-- Data extracts follows --

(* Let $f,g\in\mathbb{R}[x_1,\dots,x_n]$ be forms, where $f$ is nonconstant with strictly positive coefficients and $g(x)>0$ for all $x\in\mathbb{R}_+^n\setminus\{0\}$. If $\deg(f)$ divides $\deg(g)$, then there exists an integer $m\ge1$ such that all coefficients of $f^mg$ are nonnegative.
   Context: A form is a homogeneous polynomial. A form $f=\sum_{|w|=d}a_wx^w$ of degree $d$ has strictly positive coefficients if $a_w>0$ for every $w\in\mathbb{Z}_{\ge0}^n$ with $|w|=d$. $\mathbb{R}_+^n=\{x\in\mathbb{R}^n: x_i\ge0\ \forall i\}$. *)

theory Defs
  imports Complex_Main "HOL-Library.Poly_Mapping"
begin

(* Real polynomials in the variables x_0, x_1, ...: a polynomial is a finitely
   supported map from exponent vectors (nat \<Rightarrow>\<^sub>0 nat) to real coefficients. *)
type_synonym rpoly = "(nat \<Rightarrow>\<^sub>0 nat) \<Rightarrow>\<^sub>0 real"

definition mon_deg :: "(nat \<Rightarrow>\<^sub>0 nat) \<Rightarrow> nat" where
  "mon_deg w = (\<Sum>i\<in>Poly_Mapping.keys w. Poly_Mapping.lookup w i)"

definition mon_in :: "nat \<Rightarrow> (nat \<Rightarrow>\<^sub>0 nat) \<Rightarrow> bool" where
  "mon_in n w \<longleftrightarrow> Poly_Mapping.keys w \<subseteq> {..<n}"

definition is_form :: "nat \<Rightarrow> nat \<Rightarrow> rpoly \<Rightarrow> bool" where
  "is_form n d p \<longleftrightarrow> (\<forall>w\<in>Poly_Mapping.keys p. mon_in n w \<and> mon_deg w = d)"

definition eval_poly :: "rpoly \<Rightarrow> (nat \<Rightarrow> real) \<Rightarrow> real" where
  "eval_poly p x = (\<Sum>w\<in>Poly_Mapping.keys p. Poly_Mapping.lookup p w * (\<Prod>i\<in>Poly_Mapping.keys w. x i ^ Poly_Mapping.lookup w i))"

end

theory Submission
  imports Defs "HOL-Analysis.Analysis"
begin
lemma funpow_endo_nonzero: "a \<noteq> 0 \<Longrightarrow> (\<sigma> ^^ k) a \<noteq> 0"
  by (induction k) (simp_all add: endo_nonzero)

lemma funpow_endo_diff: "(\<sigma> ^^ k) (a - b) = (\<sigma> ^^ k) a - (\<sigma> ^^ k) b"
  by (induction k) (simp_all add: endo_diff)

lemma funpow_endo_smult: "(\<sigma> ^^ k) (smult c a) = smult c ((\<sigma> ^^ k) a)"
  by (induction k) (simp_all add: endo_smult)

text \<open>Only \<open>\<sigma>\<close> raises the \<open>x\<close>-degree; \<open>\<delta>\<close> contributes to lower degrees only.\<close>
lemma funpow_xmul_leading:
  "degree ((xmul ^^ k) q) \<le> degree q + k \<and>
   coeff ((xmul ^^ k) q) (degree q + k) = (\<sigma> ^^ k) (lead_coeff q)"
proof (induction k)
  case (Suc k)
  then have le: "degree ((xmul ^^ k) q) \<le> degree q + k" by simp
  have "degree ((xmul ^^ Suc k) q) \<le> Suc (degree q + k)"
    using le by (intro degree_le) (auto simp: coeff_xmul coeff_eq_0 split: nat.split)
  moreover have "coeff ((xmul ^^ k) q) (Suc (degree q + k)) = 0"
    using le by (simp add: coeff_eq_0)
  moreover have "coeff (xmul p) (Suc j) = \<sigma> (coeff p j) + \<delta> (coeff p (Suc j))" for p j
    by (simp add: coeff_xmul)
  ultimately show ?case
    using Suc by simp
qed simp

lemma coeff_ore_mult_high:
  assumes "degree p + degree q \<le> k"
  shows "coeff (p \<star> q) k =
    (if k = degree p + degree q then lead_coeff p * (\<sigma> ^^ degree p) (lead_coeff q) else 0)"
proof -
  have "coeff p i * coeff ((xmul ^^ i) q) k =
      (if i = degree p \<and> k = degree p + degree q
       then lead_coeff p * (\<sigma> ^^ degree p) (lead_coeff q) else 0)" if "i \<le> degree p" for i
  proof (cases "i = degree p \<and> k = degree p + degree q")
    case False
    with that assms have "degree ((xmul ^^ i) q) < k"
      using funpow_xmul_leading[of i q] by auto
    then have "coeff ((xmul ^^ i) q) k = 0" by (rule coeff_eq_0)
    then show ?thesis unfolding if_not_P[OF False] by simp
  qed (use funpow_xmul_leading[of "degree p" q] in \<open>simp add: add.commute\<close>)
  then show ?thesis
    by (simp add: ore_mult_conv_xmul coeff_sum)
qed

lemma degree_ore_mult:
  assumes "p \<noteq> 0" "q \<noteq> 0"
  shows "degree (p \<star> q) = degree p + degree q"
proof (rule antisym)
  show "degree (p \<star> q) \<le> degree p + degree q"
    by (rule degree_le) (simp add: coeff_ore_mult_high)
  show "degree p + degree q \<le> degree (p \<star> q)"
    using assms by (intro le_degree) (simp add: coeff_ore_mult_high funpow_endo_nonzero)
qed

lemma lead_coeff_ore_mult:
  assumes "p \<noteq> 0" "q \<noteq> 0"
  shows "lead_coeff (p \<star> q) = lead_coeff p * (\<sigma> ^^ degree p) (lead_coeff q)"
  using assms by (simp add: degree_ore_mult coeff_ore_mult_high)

-- Data extracts concluded --

Task goal:
If a line of the records contains the word "auto", count it; give only the total.

Task output:
2